Like Lloyds, Santander has a rock-solid balance sheet that it is boosting through successful cost-cutting initiatives. It helped return €5.5bn to shareholders last year through dividends, cash and share buybacks. Encouragingly for income investors, the bank has also committed to increasing this amount to a new record of €6bn in 2024.

This supports a dividend yield of above 4.1% for 2024, a figure that rises to 4.4% for 2025. Short term yields may not be at Lloyds level but on balance, I think it is a far more attractive stock.

TBC Bank Group

TBC Bank Group (LSE:TBCG) is another retail bank with substantial share price and earnings potential. Like Santander, it focuses on customers in developing markets, in this case Georgia and Uzbekistan.

Its total revenue grew by 15 percent in 2023 as demand for its loans, and both current and savings accounts, continued to grow. The number of customers in its core Georgian market grew by 10% over the past year. Uzbekistan, where it entered 2020, saw a 48 percent increase in users.
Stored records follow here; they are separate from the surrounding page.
lemma contour_integral_rectpath_sides:
  fixes f :: "complex \<Rightarrow> complex" and a b c d :: real
  assumes "c < d" and cont: "continuous_on (path_image (rectpath (Complex a c) (Complex b d))) f"
  shows "contour_integral (rectpath (Complex a c) (Complex b d)) f =
           contour_integral (linepath (Complex a c) (Complex b c)) f
         + \<i> * integral {c..d} (\<lambda>t. f (of_real b + \<i> * of_real t))
         + contour_integral (linepath (Complex b d) (Complex a d)) f
         - \<i> * integral {c..d} (\<lambda>t. f (of_real a + \<i> * of_real t))"
proof -
  define z1 z2 z3 z4 where z1_def: "z1 = Complex a c" and z2_def: "z2 = Complex b c"
    and z3_def: "z3 = Complex b d" and z4_def: "z4 = Complex a d"
  have rect:
      "rectpath z1 z3 = linepath z1 z2 +++ linepath z2 z3 +++ linepath z3 z4 +++ linepath z4 z1"
    by (simp add: rectpath_def Let_def z1_def z2_def z3_def z4_def)
  have "path_image (rectpath z1 z3) =
        closed_segment z1 z2 \<union> closed_segment z2 z3 \<union> closed_segment z3 z4 \<union> closed_segment z4 z1"
    unfolding rect by (simp add: path_image_join Un_assoc)
  hence "continuous_on (closed_segment z1 z2) f" "continuous_on (closed_segment z2 z3) f"
        "continuous_on (closed_segment z3 z4) f" "continuous_on (closed_segment z4 z1) f"
    using cont unfolding z1_def z3_def by (auto elim: continuous_on_subset)
  note segments = this[THEN contour_integrable_continuous_linepath]
  have "contour_integral (rectpath z1 z3) f =
        contour_integral (linepath z1 z2) f + contour_integral (linepath z2 z3) f +
        contour_integral (linepath z3 z4) f - contour_integral (linepath z1 z4) f"
    unfolding rect
    using contour_integral_reverse_linepath[OF \<open>continuous_on (closed_segment z4 z1) f\<close>]
    by (simp add: segments contour_integrable_joinI valid_path_join)
  moreover have "contour_integral (linepath z2 z3) f = \<i> * integral {c..d} (\<lambda>t. f (Complex b t))"
    and "contour_integral (linepath z1 z4) f = \<i> * integral {c..d} (\<lambda>t. f (Complex a t))"
    using \<open>c < d\<close>
    by (auto simp: z1_def z2_def z3_def z4_def intro!: contour_integral_linepath_same_Re)
  ultimately show ?thesis
    by (simp add: z1_def z2_def z3_def z4_def Complex_eq)
qed

definition eta_kernel :: "complex \<Rightarrow> complex \<Rightarrow> complex" where
  "eta_kernel s z = z powr (- s) / sin (of_real pi * z)"

lemma sin_pi_times_eq_0_iff: "sin (of_real pi * w :: complex) = 0 \<longleftrightarrow> w \<in> \<int>"
proof
  assume "sin (of_real pi * w) = 0"
  then obtain n :: int where "of_real pi * w = of_real (n * pi)"
    by (auto simp: sin_eq_0)
  hence "w = of_int n" by (simp add: complex_eq_iff)
  thus "w \<in> \<int>" by simp
next
  assume "w \<in> \<int>"
  then obtain n :: int where "w = of_int n" by (auto elim: Ints_cases)
  thus "sin (of_real pi * w) = 0"
    by (auto simp: sin_eq_0 intro!: exI[of _ n])
qed

lemma vertical_line_notin_Ints: "a \<notin> \<int> \<Longrightarrow> of_real a + \<i> * of_real t \<notin> (\<int> :: complex set)"
  by (auto elim!: Ints_cases simp: complex_eq_iff)

lemma notin_Ints_between_consecutive_nats:
  fixes x :: real
  assumes "real N < x" "x < real N + 1"
  shows "x \<notin> \<int>"
proof
  assume "x \<in> \<int>"
  then obtain m :: int where "x = of_int m" by (auto elim: Ints_cases)
  with assms have "int N < m" "m < int N + 1" by linarith+
  thus False by linarith
qed

lemma holomorphic_on_eta_kernel: "eta_kernel s holomorphic_on {z. 0 < Re z} - \<int>"
  unfolding eta_kernel_def[abs_def]
  by (intro holomorphic_intros) (auto simp: sin_pi_times_eq_0_iff complex_nonpos_Reals_iff)

lemma continuous_on_eta_kernel_vertical:
  assumes "0 < a" "a \<notin> \<int>"
  shows "continuous_on UNIV (\<lambda>t. eta_kernel s (of_real a + \<i> * of_real t))"
  using assms vertical_line_notin_Ints
  by (intro continuous_on_compose2[OF
        holomorphic_on_imp_continuous_on[OF holomorphic_on_eta_kernel]])
     (auto intro!: continuous_intros)

(* Where sin (pi z) = 0 the kernel is the constant 0 in s, so no condition on z beyond z \<noteq> 0. *)
lemma eta_kernel_has_field_derivative:
  assumes "z \<noteq> 0"
  shows "((\<lambda>s. eta_kernel s z) has_field_derivative - Ln z * eta_kernel s z) (at s)"
proof (cases "sin (of_real pi * z) = 0")
  case False
  have "(\<lambda>s. eta_kernel s z) = (\<lambda>s. exp (- s * Ln z) / sin (of_real pi * z))"
    using assms by (simp add: eta_kernel_def powr_def)
  thus ?thesis
    using assms False by (auto intro!: derivative_eq_intros simp: eta_kernel_def powr_def)
qed (simp add: eta_kernel_def)

lemma residue_eta_kernel:
  assumes "n \<ge> 1"
  shows "residue (eta_kernel s) (of_nat n) = (-1) ^ n * of_nat n powr (- s) / of_real pi"
proof -
  have cos_pi_n: "cos (of_real pi * of_nat n :: complex) = (-1) ^ n"
    by (simp flip: cos_of_real add: mult.commute)
  have "residue (\<lambda>w. w powr (- s) / sin (of_real pi * w)) (of_nat n) =
        of_nat n powr (- s) / (of_real pi * cos (of_real pi * of_nat n))"
  proof (rule residue_simple_pole_deriv[where s="{w. 0 < Re w}"])
    show "(\<lambda>w. w powr - s) holomorphic_on {w. 0 < Re w}"
      by (intro holomorphic_intros) (auto simp: complex_nonpos_Reals_iff)
    show "((\<lambda>w. sin (of_real pi * w)) has_field_derivative
           of_real pi * cos (of_real pi * of_nat n)) (at (of_nat n))"
      by (auto intro!: derivative_eq_intros)
    show "sin (of_real pi * of_nat n :: complex) = 0"
      by (simp add: sin_pi_times_eq_0_iff)
  qed (use assms cos_pi_n in \<open>auto intro!: holomorphic_intros convex_connected
       simp: open_halfspace_Re_gt convex_halfspace_Re_gt powr_def\<close>)
  thus ?thesis
    by (cases "even n") (simp_all add: eta_kernel_def[abs_def] cos_pi_n)
qed

lemma contour_integral_rectpath_eta_kernel:
  assumes "0 < c" "c < 1" "c < b" "real N < b" "b < real N + 1" "0 < T"
  shows "contour_integral (rectpath (Complex c (-T)) (Complex b T)) (eta_kernel s) =
         2 * \<i> * (\<Sum>n=1..N. (-1) ^ n * of_nat n powr (- s))"
proof -
  define z1 z3 where "z1 = Complex c (-T)" and "z3 = Complex b T"
  define S where "S = {w. 0 < Re w \<and> Re w < real N + 1}"
  define poles where "poles = (of_nat :: nat \<Rightarrow> complex) ` {1..N}"
  have corners: "Re z1 \<le> Re z3" "Im z1 \<le> Im z3"
    using assms by (auto simp: z1_def z3_def)
  have "cbox z1 z3 \<subseteq> S"
    using assms by (auto simp: in_cbox_complex_iff z1_def z3_def S_def)
  have poles_inside: "poles \<subseteq> box z1 z3"
    using assms by (auto simp: poles_def in_box_complex_iff z1_def z3_def)
  have "S \<inter> \<int> \<subseteq> poles"
  proof
    fix w assume "w \<in> S \<inter> \<int>"
    then obtain m :: int where "w = of_int m" "0 < m" "m < int N + 1"
      by (auto simp: S_def elim!: Ints_cases)
    thus "w \<in> poles" unfolding poles_def
      by (intro image_eqI[of _ _ "nat m"]) auto
  qed
  hence "S - poles \<subseteq> {z. 0 < Re z} - \<int>" by (auto simp: S_def)
  moreover have "\<forall>z. z \<notin> S \<longrightarrow> winding_number (rectpath z1 z3) z = 0"
    using \<open>cbox z1 z3 \<subseteq> S\<close> winding_number_rectpath_outside[OF corners] by blast
  moreover have "path_image (rectpath z1 z3) \<subseteq> S - poles"
    using \<open>cbox z1 z3 \<subseteq> S\<close> poles_inside path_image_rectpath_cbox_minus_box[OF corners] by blast
  ultimately have "contour_integral (rectpath z1 z3) (eta_kernel s) =
         2 * pi * \<i> * (\<Sum>p\<in>poles. winding_number (rectpath z1 z3) p * residue (eta_kernel s) p)"
    by (intro Residue_theorem[where S=S] holomorphic_on_subset[OF holomorphic_on_eta_kernel])
       (auto simp: S_def poles_def open_halfspace_Re_gt open_halfspace_Re_lt Collect_conj_eq
        intro!: open_Int convex_connected convex_Int convex_halfspace_Re_gt convex_halfspace_Re_lt)
  also have "(\<Sum>p\<in>poles. winding_number (rectpath z1 z3) p * residue (eta_kernel s) p) =
             (\<Sum>n=1..N. (-1) ^ n * of_nat n powr (- s) / of_real pi)"
    using poles_inside unfolding poles_def
    by (subst sum.reindex)
       (auto simp: inj_on_def image_subset_iff winding_number_rectpath residue_eta_kernel
             intro!: sum.cong)
  also have "2 * pi * \<i> * \<dots> = 2 * \<i> * (\<Sum>n=1..N. (-1) ^ n * of_nat n powr (- s))"
    by (simp add: sum_distrib_left sum_divide_distrib mult.assoc)
  finally show ?thesis
    by (simp add: z1_def z3_def)
qed

lemma norm_eta_kernel_vertical_le:
  fixes a t :: real
  assumes "a \<notin> \<int>" "0 \<le> a"
  defines "z \<equiv> of_real a + \<i> * of_real t"
  shows "norm (eta_kernel s z) \<le>
         2 * exp (\<bar>Im s\<bar> * (pi / 2)) / \<bar>sin (pi * a)\<bar> * norm z powr (- Re s) * exp (- pi * \<bar>t\<bar>)"
proof -
  have "sin (pi * a) \<noteq> 0"
    using assms by (auto simp: sin_zero_iff_int2 mult.commute)
  moreover have "\<bar>sin (pi * a)\<bar> * exp (pi * \<bar>t\<bar>) / 2 \<le> norm (sin (of_real pi * z))"
    using norm_sin_ge_Re[of "of_real pi * z"] by (simp add: z_def abs_mult)
  moreover have "norm (z powr (- s)) \<le> norm z powr (- Re s) * exp (\<bar>Im s\<bar> * (pi / 2))"
    using assms by (intro norm_powr_neg_le) (simp add: z_def)
  ultimately have "norm (eta_kernel s z) \<le>
      norm z powr (- Re s) * exp (\<bar>Im s\<bar> * (pi / 2)) / (\<bar>sin (pi * a)\<bar> * exp (pi * \<bar>t\<bar>) / 2)"
    unfolding eta_kernel_def norm_divide by (intro frac_le) auto
  thus ?thesis
    by (simp add: exp_minus field_simps)
qed
(* Let $\oplus$ be a combinator. Then $\oplus$ satisfies ($\oplus$PAR): for every pair $\langle\preceq_1,\preceq_2\rangle$ in its domain and all $x,y \in W$, if $x \prec_{1\oplus 2} y$ then for each $i \in \{1,2\}$ there exists $z$ with $x \sim_{1\oplus 2} z$ and $z \prec_i y$; if and only if it satisfies ($\oplus$SB): for every pair in its domain and every $S \subseteq W$, if $x \prec_{1\oplus 2} y$ for every $x \in S^c$ and $y \in S$, then $\min(\preceq_1, S) \cup \min(\preceq_2, S) \subseteq \min(\preceq_{1\oplus 2}, S)$.
   Context: $W$ is a finite nonempty set (of possible worlds); $S^c$ is the complement of $S$ in $W$. A tpo is a total preorder on $W$; $\prec$, $\sim$ its strict and symmetric parts. For $S \subseteq W$, $\min(\preceq, S) = \{x \in S : x \preceq y\ \forall y \in S\}$. A combinator $\oplus$ maps pairs of tpos $\langle\preceq_1,\preceq_2\rangle$ in its domain to a tpo $\preceq_{1\oplus 2}$, with strict part $\prec_{1\oplus 2}$ and symmetric part $\sim_{1\oplus 2}$. *)

theory Defs
  imports Main
begin

text \<open>Possible worlds W are the elements of a finite type 'w (nonempty automatically).
  A relation on W is a binary predicate; preceq x y reads x \<preceq> y.\<close>

type_synonym 'w rel2 = "'w \<Rightarrow> 'w \<Rightarrow> bool"

definition tpo :: "'w rel2 \<Rightarrow> bool" where
  "tpo r \<longleftrightarrow> (\<forall>x y. r x y \<or> r y x) \<and> (\<forall>x y z. r x y \<longrightarrow> r y z \<longrightarrow> r x z)"

definition strict :: "'w rel2 \<Rightarrow> 'w rel2" where
  "strict r x y \<longleftrightarrow> r x y \<and> \<not> r y x"

definition symp_part :: "'w rel2 \<Rightarrow> 'w rel2" where
  "symp_part r x y \<longleftrightarrow> r x y \<and> r y x"

definition min_set :: "'w rel2 \<Rightarrow> 'w set \<Rightarrow> 'w set" where
  "min_set r S = {x \<in> S. \<forall>y\<in>S. r x y}"

definition combinator :: "('w rel2 \<times> 'w rel2) set \<Rightarrow> ('w rel2 \<Rightarrow> 'w rel2 \<Rightarrow> 'w rel2) \<Rightarrow> bool" where
  "combinator D c \<longleftrightarrow> (\<forall>(r1, r2)\<in>D. tpo r1 \<and> tpo r2 \<and> tpo (c r1 r2))"

definition PAR :: "('w rel2 \<times> 'w rel2) set \<Rightarrow> ('w rel2 \<Rightarrow> 'w rel2 \<Rightarrow> 'w rel2) \<Rightarrow> bool" where
  "PAR D c \<longleftrightarrow> (\<forall>(r1, r2)\<in>D. \<forall>x y. strict (c r1 r2) x y \<longrightarrow>
      (\<forall>ri\<in>{r1, r2}. \<exists>z. symp_part (c r1 r2) x z \<and> strict ri z y))"

definition SB :: "('w rel2 \<times> 'w rel2) set \<Rightarrow> ('w rel2 \<Rightarrow> 'w rel2 \<Rightarrow> 'w rel2) \<Rightarrow> bool" where
  "SB D c \<longleftrightarrow> (\<forall>(r1, r2)\<in>D. \<forall>S. (\<forall>x\<in>-S. \<forall>y\<in>S. strict (c r1 r2) x y) \<longrightarrow>
      min_set r1 S \<union> min_set r2 S \<subseteq> min_set (c r1 r2) S)"

end

theory Submission
  imports Defs
begin

text \<open>Fix the combined order \<open>r\<close> and one input order \<open>ri\<close>; both conditions split into one
  statement per input. If \<open>S\<close> lies strictly above its complement in \<open>r\<close> and \<open>w\<close> is \<open>ri\<close>-minimal
  in \<open>S\<close> but some \<open>y \<in> S\<close> is \<open>r\<close>-below \<open>w\<close>, a PAR witness \<open>z \<sim> y\<close> with \<open>z \<prec>\<^sub>i w\<close> must lie in \<open>S\<close>,
  contradicting minimality. Conversely, given \<open>x \<prec> y\<close>, apply SB to the upper set of \<open>x\<close>: an
  \<open>ri\<close>-minimal element of it is \<open>r\<close>-minimal, hence \<open>\<sim> x\<close>, and it is strictly \<open>ri\<close>-below \<open>y\<close>,
  since otherwise \<open>y\<close> itself would be \<open>r\<close>-minimal there.\<close>

definition final_segment :: "'w rel2 \<Rightarrow> 'w set \<Rightarrow> bool" where
  "final_segment r S \<longleftrightarrow> (\<forall>x\<in>-S. \<forall>y\<in>S. strict r x y)"

lemma tpo_total: "tpo r \<Longrightarrow> r x y \<or> r y x"
  unfolding tpo_def by blast

lemma tpo_trans: "tpo r \<Longrightarrow> r x y \<Longrightarrow> r y z \<Longrightarrow> r x z"
  unfolding tpo_def by blast

lemma min_set_nonempty:
  assumes "tpo r" "finite S" "S \<noteq> {}"
  shows "min_set r S \<noteq> {}"
  using assms(2,3)
proof (induction S rule: finite_ne_induct)
  case (singleton x)
  then show ?case using tpo_total[OF assms(1), of x x] unfolding min_set_def by auto
next
  case (insert x F)
  then obtain m where m: "m \<in> min_set r F" by blast
  show ?case
  proof (cases "r x m")
    case True
    then show ?thesis
      using m tpo_total[OF assms(1), of x x] tpo_trans[OF assms(1), of x m]
      unfolding min_set_def by auto
  next
    case False
    then have "r m x" using tpo_total[OF assms(1)] by blast
    then show ?thesis using m unfolding min_set_def by blast
  qed
qed

lemma final_segment_upper_set:
  assumes "tpo r"
  shows "final_segment r {w. r x w}"
  unfolding final_segment_def strict_def
  using tpo_total[OF assms] tpo_trans[OF assms] by blast

lemma min_set_subset_if_witnesses:
  assumes "tpo r"
    and witness: "\<And>x y. strict r x y \<Longrightarrow> \<exists>z. symp_part r x z \<and> strict ri z y"
    and "final_segment r S"
  shows "min_set ri S \<subseteq> min_set r S"
proof
  fix w assume w: "w \<in> min_set ri S"
  show "w \<in> min_set r S"
  proof (rule ccontr)
    assume "w \<notin> min_set r S"
    then obtain y where y: "y \<in> S" "\<not> r w y" using w unfolding min_set_def by blast
    then have "strict r y w" using tpo_total[OF assms(1), of w y] unfolding strict_def by blast
    then obtain z where z: "symp_part r y z" "strict ri z w" using witness by blast
    have "z \<in> S"
    proof (rule ccontr)
      assume "z \<notin> S"
      then have "strict r z y" using \<open>final_segment r S\<close> y(1) unfolding final_segment_def by blast
      then show False using z(1) unfolding strict_def symp_part_def by blast
    qed
    then show False using z(2) w unfolding min_set_def strict_def by blast
  qed
qed

lemma witness_if_min_set_subset:
  fixes r ri :: "('w::finite) rel2"
  assumes "tpo r" "tpo ri"
    and preserved: "\<And>S. final_segment r S \<Longrightarrow> min_set ri S \<subseteq> min_set r S"
    and xy: "strict r x y"
  shows "\<exists>z. symp_part r x z \<and> strict ri z y"
proof -
  define S where "S = {w. r x w}"
  have sub: "min_set ri S \<subseteq> min_set r S"
    using preserved final_segment_upper_set[OF assms(1)] unfolding S_def by blast
  have xS: "x \<in> S" and yS: "y \<in> S"
    using tpo_total[OF assms(1), of x x] xy unfolding S_def strict_def by auto
  then obtain m where m: "m \<in> min_set ri S"
    using min_set_nonempty[OF assms(2), of S] by auto
  have "symp_part r x m"
    using m sub xS unfolding min_set_def S_def symp_part_def by blast
  moreover have "\<not> ri y m"
  proof
    assume "ri y m"
    then have "y \<in> min_set r S"
      using m yS sub tpo_trans[OF assms(2), of y m] unfolding min_set_def by blast
    then show False using xS xy unfolding min_set_def strict_def by blast
  qed
  then have "strict ri m y" using m yS unfolding min_set_def strict_def by blast
  ultimately show ?thesis by blast
qed

lemma witnesses_iff_min_set_subset:
  fixes r ri :: "('w::finite) rel2"
  assumes "tpo r" "tpo ri"
  shows "(\<forall>x y. strict r x y \<longrightarrow> (\<exists>z. symp_part r x z \<and> strict ri z y)) \<longleftrightarrow>
    (\<forall>S. final_segment r S \<longrightarrow> min_set ri S \<subseteq> min_set r S)"
  using min_set_subset_if_witnesses[OF assms(1)] witness_if_min_set_subset[OF assms]
  by blast

theorem proposition9:
  fixes D :: "(('w::finite) rel2 \<times> 'w rel2) set"
    and c :: "'w rel2 \<Rightarrow> 'w rel2 \<Rightarrow> 'w rel2"
  assumes "combinator D c"
  shows "PAR D c \<longleftrightarrow> SB D c"
proof -
  have "PAR D c \<longleftrightarrow> (\<forall>(r1, r2)\<in>D. \<forall>ri\<in>{r1, r2}.
      \<forall>x y. strict (c r1 r2) x y \<longrightarrow> (\<exists>z. symp_part (c r1 r2) x z \<and> strict ri z y))"
    unfolding PAR_def by blast
  also have "\<dots> \<longleftrightarrow> (\<forall>(r1, r2)\<in>D. \<forall>ri\<in>{r1, r2}.
      \<forall>S. final_segment (c r1 r2) S \<longrightarrow> min_set ri S \<subseteq> min_set (c r1 r2) S)"
  proof (rule ball_cong[OF refl], clarsimp simp only: prod.case, rule ball_cong[OF refl])
    fix r1 r2 ri assume "(r1, r2) \<in> D" "ri \<in> {r1, r2}"
    then have "tpo (c r1 r2)" "tpo ri" using assms unfolding combinator_def by auto
    then show "(\<forall>x y. strict (c r1 r2) x y \<longrightarrow> (\<exists>z. symp_part (c r1 r2) x z \<and> strict ri z y)) \<longleftrightarrow>
        (\<forall>S. final_segment (c r1 r2) S \<longrightarrow> min_set ri S \<subseteq> min_set (c r1 r2) S)"
      by (rule witnesses_iff_min_set_subset)
  qed
  also have "\<dots> \<longleftrightarrow> SB D c"
    unfolding SB_def final_segment_def by blast
  finally show ?thesis .
qed

end
definition exp_cost ::
  "nat \<Rightarrow> real \<Rightarrow> real \<Rightarrow> real \<Rightarrow> (nat \<Rightarrow> real) \<Rightarrow> (nat \<Rightarrow> real) \<Rightarrow> (nat \<Rightarrow> nat) \<Rightarrow> real" where
  "exp_cost T h b p w lam q =
     (let M = demand_pmf T lam in
      p * measure_pmf.expectation M (\<lambda>X. neg_part (inv_level q X T))
      + (\<Sum>t=1..T. h * measure_pmf.expectation M (\<lambda>X. pos_part (inv_level q X t))
                  + b * measure_pmf.expectation M (\<lambda>X. neg_part (inv_level q X t))
                  + w t * real (q t)
                  - p * measure_pmf.expectation M (\<lambda>X. real (X t))))"

end

theory Submission
  imports Defs
begin

text \<open>Fix a period t and condition on all demands other than X_t. For every s the on-hand stock
  I_s^+ is then a bounded function g of X_t with nonnegative second differences, and its
  expectation is the Poisson transform e^{-x} \<Sum>_n g(n) x^n / n! of g at x = \<lambda>_t.
  Differentiating the transform gives the transform of the forward difference of g, so its
  second derivative is the transform of the second difference of g, which is nonnegative.
  Everything else in the cost is affine in \<lambda>_t, because I^- = I^+ - I and
  E[I_s] = \<Sum>_{k \<le> s} (q_k - \<lambda>_k).\<close>

definition egf :: "(nat \<Rightarrow> real) \<Rightarrow> real \<Rightarrow> real" where
  "egf g x = (\<Sum>n. g n / fact n * x ^ n)"

definition poisson_transform :: "(nat \<Rightarrow> real) \<Rightarrow> real \<Rightarrow> real" where
  "poisson_transform g x = exp (- x) * egf g x"

definition fwd_diff :: "(nat \<Rightarrow> real) \<Rightarrow> nat \<Rightarrow> real" where
  "fwd_diff g n = g (Suc n) - g n"

lemma summable_egf:
  fixes x :: real
  assumes "\<And>n. \<bar>g n\<bar> \<le> B"
  shows "summable (\<lambda>n. g n / fact n * x ^ n)"
proof (rule summable_comparison_test)
  show "\<exists>N. \<forall>n\<ge>N. norm (g n / fact n * x ^ n) \<le> B * (\<bar>x\<bar> ^ n / fact n)"
  proof (intro exI allI impI)
    fix n
    have "norm (g n / fact n * x ^ n) = \<bar>g n\<bar> * (\<bar>x\<bar> ^ n / fact n)"
      by (simp add: abs_mult power_abs)
    also have "\<dots> \<le> B * (\<bar>x\<bar> ^ n / fact n)"
      using assms by (intro mult_right_mono) auto
    finally show "norm (g n / fact n * x ^ n) \<le> B * (\<bar>x\<bar> ^ n / fact n)" .
  qed
  show "summable (\<lambda>n. B * (\<bar>x\<bar> ^ n / fact n))"
    using exp_converges[of "\<bar>x\<bar>"] by (intro summable_mult) (simp add: sums_iff field_simps)
qed

lemma egf_has_real_derivative:
  assumes "\<And>n. \<bar>g n\<bar> \<le> B"
  shows "(egf g has_real_derivative egf (\<lambda>n. g (Suc n)) x) (at x)"
proof -
  have "((\<lambda>x. \<Sum>n. g n / fact n * x ^ n) has_real_derivative
      (\<Sum>n. diffs (\<lambda>n. g n / fact n) n * x ^ n)) (at x)"
    using summable_egf[OF assms] by (intro termdiffs_strong_converges_everywhere) auto
  moreover have "diffs (\<lambda>n. g n / fact n) n = g (Suc n) / fact n" for n
    by (simp add: diffs_def fact_Suc del: of_nat_Suc)
  ultimately show ?thesis
    by (simp add: egf_def[abs_def])
qed
lemma nek_k_less:
  assumes "0 < n"
  shows "nek_k A n < n"
proof -
  have "n - 1 < n \<and> (\<forall>j. n - 1 < j \<and> j < n \<longrightarrow> A $$ (n - 1, j) = 0)" using assms by auto
  then show ?thesis unfolding nek_k_def by (rule LeastI2) simp
qed

lemma upper_nonzero_before_nek_k:
  assumes "0 < n" "i < nek_k A n"
  shows "\<exists>j. i < j \<and> j < n \<and> A $$ (i,j) \<noteq> 0"
proof -
  have "\<not> (i < n \<and> (\<forall>j. i < j \<and> j < n \<longrightarrow> A $$ (i,j) = 0))"
    using assms(2) unfolding nek_k_def by (rule not_less_Least)
  moreover have "i < n" using assms nek_k_less[of n A] by simp
  ultimately show ?thesis by auto
qed

lemma cond_C1_admissible:
  assumes "cond_C1 A n \<epsilon>"
  shows "admissible_eps A n \<epsilon>"
proof -
  have eps: "0 < \<epsilon> i \<and> nek_eps_sum A \<epsilon> i < \<epsilon> i" if "i < n" for i
    using assms that unfolding cond_C1_def nek_eps_sum_def by (cases i) (auto simp del: lessThan_Suc)
  show ?thesis
    unfolding admissible_eps_def
  proof (intro conjI allI impI)
    fix i assume "i < n"
    then show "0 < nek_h A i + \<epsilon> i" using eps nek_h_nonneg[of A i] by (simp add: add_nonneg_pos)
    show "nek_eps_sum A \<epsilon> i \<le> \<epsilon> i" using eps \<open>i < n\<close> by (simp add: less_imp_le)
    show "nek_eps_sum A \<epsilon> i < \<epsilon> i \<or>
        (\<exists>j. i < j \<and> j < n \<and> A $$ (i,j) \<noteq> 0 \<and> nek_h A j + \<epsilon> j < cmod (A $$ (j,j)))"
      using eps \<open>i < n\<close> by simp
  next
    fix i assume "0 < i \<and> i < n"
    then show "nek_h A i + \<epsilon> i \<le> cmod (A $$ (i,i))"
      using assms unfolding cond_C1_def by (auto simp: Suc_le_eq)
  qed
qed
TBC is benefiting the most from low product penetration and rapid GDP growth in these countries. It is also investing heavily in digital banking, a strategy that is proving to be highly effective in attracting customers.

One drawback of owning the bank’s stock is the proximity of its operations to Russia. If concerns about the geopolitical stability of the region rise, it could be detrimental to its share price.

Even so, I still think it’s an attractive passive income stock to consider today. Its 7.2% dividend yield for this year jumps to 8.3% for 2025.